Lord Jim (tłum. Węsławska)/Rozdział XXIV
<<< Dane tekstu >>> | |
Autor | |
Tytuł | Lord Jim |
Redaktor | Franciszek Juliusz Granowski |
Wydawca | Franciszek Juliusz Granowski |
Data wyd. | 1904 |
Druk | Józef Sikorski |
Miejsce wyd. | Warszawa |
Tłumacz | Emilia Węsławska |
Inne | Cały tom II |
Indeks stron |
Pobrzeża Paturanu (ujrzałem je w dwa lata potem) proste, ponure, toną w mglistym oceanie.
Czerwone smugi, rdzawe strumyki przypominające, wypływają z pod ciemnej zieleni zarośli.
Bagniste równiny ciągną się u początku rzeki, a na dalekim widnokręgu, po za wielkiemi lasami, wznoszą się poszarpane szczyty gór.
Tu zaś zarysowuje się łańcuch wysepek ciemnych, o połamanych liniach, żarem słonecznym wiecznie palonych, zdających się być pozostałością murów, zniszczonych zalewem oceanu.

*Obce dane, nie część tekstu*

(* For any $s>-1$ and any $\varepsilon>0$ there exists $\delta>0$ such that $$\int_0^{\delta}x\,J^{(s)}(x,x)\,dx<\varepsilon .$$
   Context: $J_s$ denotes the Bessel function of the first kind of order $s$; $\tilde J_s(x,y)=\frac14\int_0^1 J_s(\sqrt{tx})J_s(\sqrt{ty})\,dt$ is the Bessel kernel on $(0,+\infty)$. The modified Bessel kernel $J^{(s)}$ is the image of $\tilde J_s$ under the change of variable $y=4/x$: $$J^{(s)}(x_1,x_2)=\frac{4}{x_1x_2}\,\tilde J_s\!\left(\frac{4}{x_1},\frac{4}{x_2}\right),\qquad x_1,x_2>0.$$ *)

theory Defs
  imports "HOL-Analysis.Analysis"
begin

definition besselJ :: "real \<Rightarrow> real \<Rightarrow> real" where
  "besselJ s x = (\<Sum>m. (-1) ^ m / (fact m * Gamma (real m + s + 1)) * (x / 2) powr (2 * real m + s))"

definition besselKernel :: "real \<Rightarrow> real \<Rightarrow> real \<Rightarrow> real" where
  "besselKernel s x y = (1/4) * integral {0..1} (\<lambda>t. besselJ s (sqrt (t * x)) * besselJ s (sqrt (t * y)))"

definition modBesselKernel :: "real \<Rightarrow> real \<Rightarrow> real \<Rightarrow> real" where
  "modBesselKernel s x1 x2 = 4 / (x1 * x2) * besselKernel s (4 / x1) (4 / x2)"

end

theory Submission
  imports Defs
begin

text \<open>Writing \<open>J_s(r) = (r/2)^s Q(r^2/4)\<close> with \<open>Q\<close> entire, \<open>x J^(s)(x,x)\<close> is the integral
  of \<open>F(v) = v^s Q(v)^2 = J_s(2 sqrt v)^2\<close> over \<open>[0, 1/x]\<close>. Near \<open>0\<close>, \<open>F(v) = O(v^s)\<close> is
  integrable because \<open>s > -1\<close>. For large \<open>v\<close>, an energy functional \<open>E\<close> for the ODE
  \<open>u Q'' + (s+1) Q' + Q = 0\<close> with \<open>E' = O(E/u^2)\<close> keeps \<open>v^(s+1/2) Q(v)^2\<close> bounded, which is the
  classical decay \<open>J_s(r)^2 = O(1/r)\<close>. Hence \<open>\<integral>[0,R] F = O(sqrt R)\<close>, so
  \<open>x J^(s)(x,x) = O(x^(-1/2))\<close> on \<open>(0,1]\<close>, and its integral over \<open>[0,\<delta>]\<close> is \<open>O(sqrt \<delta>)\<close>.\<close>

definition bessel_coeff :: "real \<Rightarrow> nat \<Rightarrow> real" where
  "bessel_coeff s m = (-1) ^ m / (fact m * Gamma (real m + s + 1))"

definition bessel_series :: "real \<Rightarrow> real \<Rightarrow> real" where
  "bessel_series s u = (\<Sum>m. bessel_coeff s m * u ^ m)"

definition bessel_series' :: "real \<Rightarrow> real \<Rightarrow> real" where
  "bessel_series' s u = (\<Sum>m. diffs (bessel_coeff s) m * u ^ m)"

definition bessel_series'' :: "real \<Rightarrow> real \<Rightarrow> real" where
  "bessel_series'' s u = (\<Sum>m. diffs (diffs (bessel_coeff s)) m * u ^ m)"

lemma bessel_coeff_Suc:
  assumes "s > -1"
  shows "bessel_coeff s (Suc n) = - bessel_coeff s n / ((real n + 1) * (real n + s + 1))"
proof -
  have "real n + s + 1 \<notin> \<int>\<^sub>\<le>\<^sub>0"
    using assms nonpos_Ints_nonpos by fastforce
  from Gamma_plus1[OF this]
  have "Gamma (real (Suc n) + s + 1) = (real n + s + 1) * Gamma (real n + s + 1)"
    by (simp add: algebra_simps)
  moreover have "Gamma (real n + s + 1) > 0" "real n + s + 1 > 0"
    using assms by simp_all
  ultimately show ?thesis
    unfolding bessel_coeff_def by (simp add: field_simps)
qed

lemma summable_bessel_series:
  assumes "s > -1"
  shows "summable (\<lambda>m. bessel_coeff s m * u ^ m)"
proof (rule summable_ratio_test[where c = "1/2" and N = "nat \<lceil>2 * \<bar>u\<bar>\<rceil> + 1"])
  fix n assume n: "n \<ge> nat \<lceil>2 * \<bar>u\<bar>\<rceil> + 1"
  have "2 * \<bar>u\<bar> \<le> real n + 1"
    using n by linarith
  also have "\<dots> = (real n + 1) * 1"
    by simp
  also have "\<dots> \<le> (real n + 1) * (real n + s + 1)"
    using n assms by (intro mult_left_mono) auto
  finally have den: "2 * \<bar>u\<bar> \<le> (real n + 1) * (real n + s + 1)" .
  have pos: "(real n + 1) * (real n + s + 1) > 0"
    using assms by simp
  have "norm (bessel_coeff s (Suc n) * u ^ Suc n)
      = \<bar>bessel_coeff s n * u ^ n\<bar> * (\<bar>u\<bar> / ((real n + 1) * (real n + s + 1)))"
    using pos by (simp add: bessel_coeff_Suc[OF assms] abs_mult field_simps)
  also have "\<dots> \<le> \<bar>bessel_coeff s n * u ^ n\<bar> * (1/2)"
    using den pos by (intro mult_left_mono) (auto simp: field_simps)
  finally show "norm (bessel_coeff s (Suc n) * u ^ Suc n) \<le> 1/2 * norm (bessel_coeff s n * u ^ n)"
    by simp
qed simp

Znajduje się tam wioska, zamieszkana przez rybaków, u ujścia Betu Kving zbudowana.
Rzeka, tak długo dla wszelkiego ruchu zamknięta, wolną była teraz i mały statek Steina, na którym podróż odbywałem, sunął bezpiecznie, nie będąc narażony na żaden ogień.
Taki stan rzeczy należał już do starożytnej historyi, jeżeli wierzyć mogłem starcowi, jednemu z poważniejszych ludzi wsi rybackiej, który w charakterze pilota znalazł się na pokładzie statku.
Mówił do mnie (w swojem życiu drugiego białego widział) z zaufaniem i rozmowa nasza toczyła się głównie o pierwszym białym, jakiego widział. Nazywał go Tuanem Jim i w jego słowach czuć było pewną poufałość, ze strachem pomieszaną.
Wieś ich cieszy się specyalną opieką Tuana (lorda) — mówił stary, co dowodziło, że Jim nie wzbudza niechęci i zawiści.
Obietnica jego, że usłyszę o nim — spełniła się. Słuchałem o nim. Krążyła już historya, że przypływ morza pośpieszył się o dwie godziny, aby mu ułatwić jego podróż przez rzekę. Rozmowny staruszek sam sterował wówczas i nie mógł się nadziwić szybkości, z jaką łódź mknęła. A przecie rodzina jego sławną jest i widziała niemało w życiu.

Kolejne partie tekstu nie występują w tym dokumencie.